:: Task item ::
Print nothing but the lines below starting at the line that holds "every unipotent matrix" and ending at the line that holds "mmul X (mmul", including both, each exactly as written.

Saved data entries:
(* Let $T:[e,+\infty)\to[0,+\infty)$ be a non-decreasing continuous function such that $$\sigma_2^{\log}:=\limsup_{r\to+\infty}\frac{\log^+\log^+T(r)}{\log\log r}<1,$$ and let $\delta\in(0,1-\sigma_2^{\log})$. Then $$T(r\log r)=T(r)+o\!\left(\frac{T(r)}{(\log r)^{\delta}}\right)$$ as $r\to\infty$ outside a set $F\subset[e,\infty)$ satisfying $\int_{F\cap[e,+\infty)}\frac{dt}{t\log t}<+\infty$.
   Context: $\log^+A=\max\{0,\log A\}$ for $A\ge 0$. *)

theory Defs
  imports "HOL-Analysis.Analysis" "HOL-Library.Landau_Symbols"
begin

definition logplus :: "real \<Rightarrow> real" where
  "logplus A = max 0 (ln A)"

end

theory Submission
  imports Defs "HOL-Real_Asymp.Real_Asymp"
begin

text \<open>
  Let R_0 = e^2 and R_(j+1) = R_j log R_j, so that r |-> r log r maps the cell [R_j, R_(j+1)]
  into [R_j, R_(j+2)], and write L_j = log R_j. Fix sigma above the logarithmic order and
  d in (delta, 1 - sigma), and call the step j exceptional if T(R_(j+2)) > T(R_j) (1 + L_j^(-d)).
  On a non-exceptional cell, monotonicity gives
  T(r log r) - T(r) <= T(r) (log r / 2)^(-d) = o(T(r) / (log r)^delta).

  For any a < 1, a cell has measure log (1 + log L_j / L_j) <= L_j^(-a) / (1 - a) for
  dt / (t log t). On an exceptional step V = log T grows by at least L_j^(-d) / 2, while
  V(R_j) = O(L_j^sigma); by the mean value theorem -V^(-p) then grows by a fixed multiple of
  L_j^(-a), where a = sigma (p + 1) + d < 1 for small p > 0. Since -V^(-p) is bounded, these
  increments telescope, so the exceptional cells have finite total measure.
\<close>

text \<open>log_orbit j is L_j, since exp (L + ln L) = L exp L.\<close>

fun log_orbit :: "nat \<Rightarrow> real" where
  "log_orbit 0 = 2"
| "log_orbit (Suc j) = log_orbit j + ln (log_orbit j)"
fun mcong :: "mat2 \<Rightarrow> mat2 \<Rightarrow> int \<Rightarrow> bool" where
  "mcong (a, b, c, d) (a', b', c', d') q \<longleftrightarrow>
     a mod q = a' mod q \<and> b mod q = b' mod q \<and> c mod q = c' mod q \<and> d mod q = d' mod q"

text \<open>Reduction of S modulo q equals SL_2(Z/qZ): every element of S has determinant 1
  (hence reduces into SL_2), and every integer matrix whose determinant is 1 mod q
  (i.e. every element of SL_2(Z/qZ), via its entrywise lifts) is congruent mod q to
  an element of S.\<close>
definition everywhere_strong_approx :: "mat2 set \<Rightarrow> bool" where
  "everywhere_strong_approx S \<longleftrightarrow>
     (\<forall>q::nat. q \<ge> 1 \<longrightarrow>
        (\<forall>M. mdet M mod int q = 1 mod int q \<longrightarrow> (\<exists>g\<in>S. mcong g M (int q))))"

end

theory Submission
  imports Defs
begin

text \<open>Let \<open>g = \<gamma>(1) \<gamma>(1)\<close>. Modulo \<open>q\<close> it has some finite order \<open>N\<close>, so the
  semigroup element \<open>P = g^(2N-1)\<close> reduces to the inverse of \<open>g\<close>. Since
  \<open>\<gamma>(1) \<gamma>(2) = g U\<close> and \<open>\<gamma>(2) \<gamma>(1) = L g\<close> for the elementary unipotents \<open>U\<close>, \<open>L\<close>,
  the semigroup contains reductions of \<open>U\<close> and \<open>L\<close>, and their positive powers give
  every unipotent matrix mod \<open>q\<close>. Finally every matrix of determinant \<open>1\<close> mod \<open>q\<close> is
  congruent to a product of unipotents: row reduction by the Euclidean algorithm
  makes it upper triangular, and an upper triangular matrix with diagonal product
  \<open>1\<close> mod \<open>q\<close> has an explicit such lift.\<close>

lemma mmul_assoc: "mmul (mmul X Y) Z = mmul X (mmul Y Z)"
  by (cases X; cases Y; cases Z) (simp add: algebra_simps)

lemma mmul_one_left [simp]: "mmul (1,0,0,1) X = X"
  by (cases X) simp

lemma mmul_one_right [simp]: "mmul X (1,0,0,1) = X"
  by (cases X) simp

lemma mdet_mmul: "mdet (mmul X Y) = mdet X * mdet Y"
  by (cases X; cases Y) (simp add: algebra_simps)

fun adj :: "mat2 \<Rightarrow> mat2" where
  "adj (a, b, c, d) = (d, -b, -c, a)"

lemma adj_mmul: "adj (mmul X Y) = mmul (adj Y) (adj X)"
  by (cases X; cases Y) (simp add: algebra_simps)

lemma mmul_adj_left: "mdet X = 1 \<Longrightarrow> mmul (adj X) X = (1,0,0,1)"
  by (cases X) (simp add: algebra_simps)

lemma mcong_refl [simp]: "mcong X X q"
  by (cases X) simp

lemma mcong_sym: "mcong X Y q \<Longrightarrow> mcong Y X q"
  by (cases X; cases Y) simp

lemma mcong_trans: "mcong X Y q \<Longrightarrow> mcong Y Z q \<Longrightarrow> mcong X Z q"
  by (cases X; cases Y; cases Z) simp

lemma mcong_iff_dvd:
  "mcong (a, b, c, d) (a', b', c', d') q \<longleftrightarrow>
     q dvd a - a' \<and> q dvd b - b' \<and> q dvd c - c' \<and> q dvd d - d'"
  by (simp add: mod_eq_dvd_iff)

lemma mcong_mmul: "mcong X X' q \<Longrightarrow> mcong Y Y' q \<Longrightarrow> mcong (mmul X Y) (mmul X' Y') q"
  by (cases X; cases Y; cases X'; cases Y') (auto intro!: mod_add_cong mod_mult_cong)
* * *
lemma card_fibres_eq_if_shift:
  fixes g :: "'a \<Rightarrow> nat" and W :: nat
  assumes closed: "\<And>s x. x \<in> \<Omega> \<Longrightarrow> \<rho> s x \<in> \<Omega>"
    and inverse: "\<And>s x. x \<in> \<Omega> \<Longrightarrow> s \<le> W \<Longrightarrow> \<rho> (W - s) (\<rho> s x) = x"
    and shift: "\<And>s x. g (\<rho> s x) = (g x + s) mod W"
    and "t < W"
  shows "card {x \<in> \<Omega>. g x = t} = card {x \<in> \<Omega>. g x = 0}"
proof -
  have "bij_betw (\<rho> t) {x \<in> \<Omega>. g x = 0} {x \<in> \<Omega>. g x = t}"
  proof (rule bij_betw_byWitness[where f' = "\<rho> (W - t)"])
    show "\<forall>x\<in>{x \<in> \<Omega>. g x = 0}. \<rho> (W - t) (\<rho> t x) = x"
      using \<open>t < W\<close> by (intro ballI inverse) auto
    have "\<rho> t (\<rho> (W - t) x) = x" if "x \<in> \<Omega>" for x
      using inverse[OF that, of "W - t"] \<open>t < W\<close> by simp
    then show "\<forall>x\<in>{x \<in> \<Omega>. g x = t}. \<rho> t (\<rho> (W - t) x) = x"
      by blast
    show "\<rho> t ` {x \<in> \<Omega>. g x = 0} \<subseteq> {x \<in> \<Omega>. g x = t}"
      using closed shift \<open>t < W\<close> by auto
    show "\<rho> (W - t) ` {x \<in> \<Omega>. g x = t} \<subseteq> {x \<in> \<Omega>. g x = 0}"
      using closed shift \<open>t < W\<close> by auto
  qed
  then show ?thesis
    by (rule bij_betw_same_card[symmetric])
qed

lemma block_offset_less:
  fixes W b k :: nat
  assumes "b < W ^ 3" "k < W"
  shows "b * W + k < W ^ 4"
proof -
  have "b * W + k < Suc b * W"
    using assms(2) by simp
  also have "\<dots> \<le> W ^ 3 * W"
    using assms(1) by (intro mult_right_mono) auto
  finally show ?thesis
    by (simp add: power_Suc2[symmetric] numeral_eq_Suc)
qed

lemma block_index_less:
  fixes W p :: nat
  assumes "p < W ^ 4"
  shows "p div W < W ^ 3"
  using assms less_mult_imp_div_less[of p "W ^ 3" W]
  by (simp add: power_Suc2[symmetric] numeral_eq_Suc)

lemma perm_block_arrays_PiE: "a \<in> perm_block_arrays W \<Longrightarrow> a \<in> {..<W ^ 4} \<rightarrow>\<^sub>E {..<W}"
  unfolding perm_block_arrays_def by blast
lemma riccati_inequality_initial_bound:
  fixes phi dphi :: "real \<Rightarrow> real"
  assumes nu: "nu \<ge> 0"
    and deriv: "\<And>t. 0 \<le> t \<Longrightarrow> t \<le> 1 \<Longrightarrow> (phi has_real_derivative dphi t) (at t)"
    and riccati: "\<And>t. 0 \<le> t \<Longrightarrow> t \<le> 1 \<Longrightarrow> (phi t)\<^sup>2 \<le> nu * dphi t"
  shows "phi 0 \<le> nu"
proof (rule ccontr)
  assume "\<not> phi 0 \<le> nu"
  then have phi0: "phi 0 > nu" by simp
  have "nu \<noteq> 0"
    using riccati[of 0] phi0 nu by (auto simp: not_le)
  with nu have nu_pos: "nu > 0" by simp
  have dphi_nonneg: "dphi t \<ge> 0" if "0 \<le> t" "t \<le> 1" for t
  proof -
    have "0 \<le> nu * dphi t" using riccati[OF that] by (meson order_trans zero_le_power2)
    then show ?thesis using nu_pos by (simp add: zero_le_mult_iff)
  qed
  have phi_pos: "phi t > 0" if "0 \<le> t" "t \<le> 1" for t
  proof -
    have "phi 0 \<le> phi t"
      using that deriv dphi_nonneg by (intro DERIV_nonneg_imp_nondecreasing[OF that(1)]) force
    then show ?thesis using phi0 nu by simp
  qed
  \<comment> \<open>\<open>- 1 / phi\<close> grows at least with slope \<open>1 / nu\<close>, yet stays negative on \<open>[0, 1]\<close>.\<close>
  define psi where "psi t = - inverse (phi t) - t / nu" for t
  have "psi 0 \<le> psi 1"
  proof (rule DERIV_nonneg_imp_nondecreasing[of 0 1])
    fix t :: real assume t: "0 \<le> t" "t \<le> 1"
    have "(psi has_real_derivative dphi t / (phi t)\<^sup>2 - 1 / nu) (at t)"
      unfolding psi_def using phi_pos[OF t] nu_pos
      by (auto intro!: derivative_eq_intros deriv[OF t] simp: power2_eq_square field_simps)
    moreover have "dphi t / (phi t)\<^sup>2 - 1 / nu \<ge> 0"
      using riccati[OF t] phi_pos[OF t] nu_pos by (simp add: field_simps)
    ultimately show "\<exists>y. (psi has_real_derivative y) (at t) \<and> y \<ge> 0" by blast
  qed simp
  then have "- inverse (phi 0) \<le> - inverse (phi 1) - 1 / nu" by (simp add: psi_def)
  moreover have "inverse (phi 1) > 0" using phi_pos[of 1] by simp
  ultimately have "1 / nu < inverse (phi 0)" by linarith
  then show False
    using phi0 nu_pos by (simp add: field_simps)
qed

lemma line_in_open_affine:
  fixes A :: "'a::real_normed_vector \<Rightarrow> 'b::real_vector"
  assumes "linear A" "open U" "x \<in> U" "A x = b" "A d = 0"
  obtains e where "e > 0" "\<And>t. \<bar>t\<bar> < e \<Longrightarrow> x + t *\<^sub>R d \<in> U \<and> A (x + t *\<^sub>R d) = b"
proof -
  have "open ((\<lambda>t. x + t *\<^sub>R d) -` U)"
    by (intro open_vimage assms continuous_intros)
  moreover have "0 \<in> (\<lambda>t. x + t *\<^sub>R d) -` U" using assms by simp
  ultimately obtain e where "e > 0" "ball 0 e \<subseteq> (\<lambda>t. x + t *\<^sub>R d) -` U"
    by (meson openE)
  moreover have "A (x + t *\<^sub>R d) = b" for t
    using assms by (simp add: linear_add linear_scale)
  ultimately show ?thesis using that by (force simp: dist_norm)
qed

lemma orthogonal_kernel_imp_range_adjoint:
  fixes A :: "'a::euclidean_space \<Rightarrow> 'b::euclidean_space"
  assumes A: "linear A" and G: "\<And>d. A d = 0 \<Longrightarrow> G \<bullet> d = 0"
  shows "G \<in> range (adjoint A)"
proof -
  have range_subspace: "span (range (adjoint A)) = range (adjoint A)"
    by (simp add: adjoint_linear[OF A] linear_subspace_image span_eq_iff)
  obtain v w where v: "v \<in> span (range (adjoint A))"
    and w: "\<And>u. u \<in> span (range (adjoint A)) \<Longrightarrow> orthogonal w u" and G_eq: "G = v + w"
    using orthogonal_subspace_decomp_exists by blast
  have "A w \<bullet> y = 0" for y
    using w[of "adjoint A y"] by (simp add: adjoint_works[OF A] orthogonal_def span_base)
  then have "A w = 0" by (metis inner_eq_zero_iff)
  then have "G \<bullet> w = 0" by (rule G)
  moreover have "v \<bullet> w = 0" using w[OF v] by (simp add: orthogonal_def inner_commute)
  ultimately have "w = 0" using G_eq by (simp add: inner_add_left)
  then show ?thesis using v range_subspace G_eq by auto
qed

:: Answer to this task ::
  every unipotent matrix mod \<open>q\<close>. Finally every matrix of determinant \<open>1\<close> mod \<open>q\<close> is
  congruent to a product of unipotents: row reduction by the Euclidean algorithm
  makes it upper triangular, and an upper triangular matrix with diagonal product
  \<open>1\<close> mod \<open>q\<close> has an explicit such lift.\<close>

lemma mmul_assoc: "mmul (mmul X Y) Z = mmul X (mmul Y Z)"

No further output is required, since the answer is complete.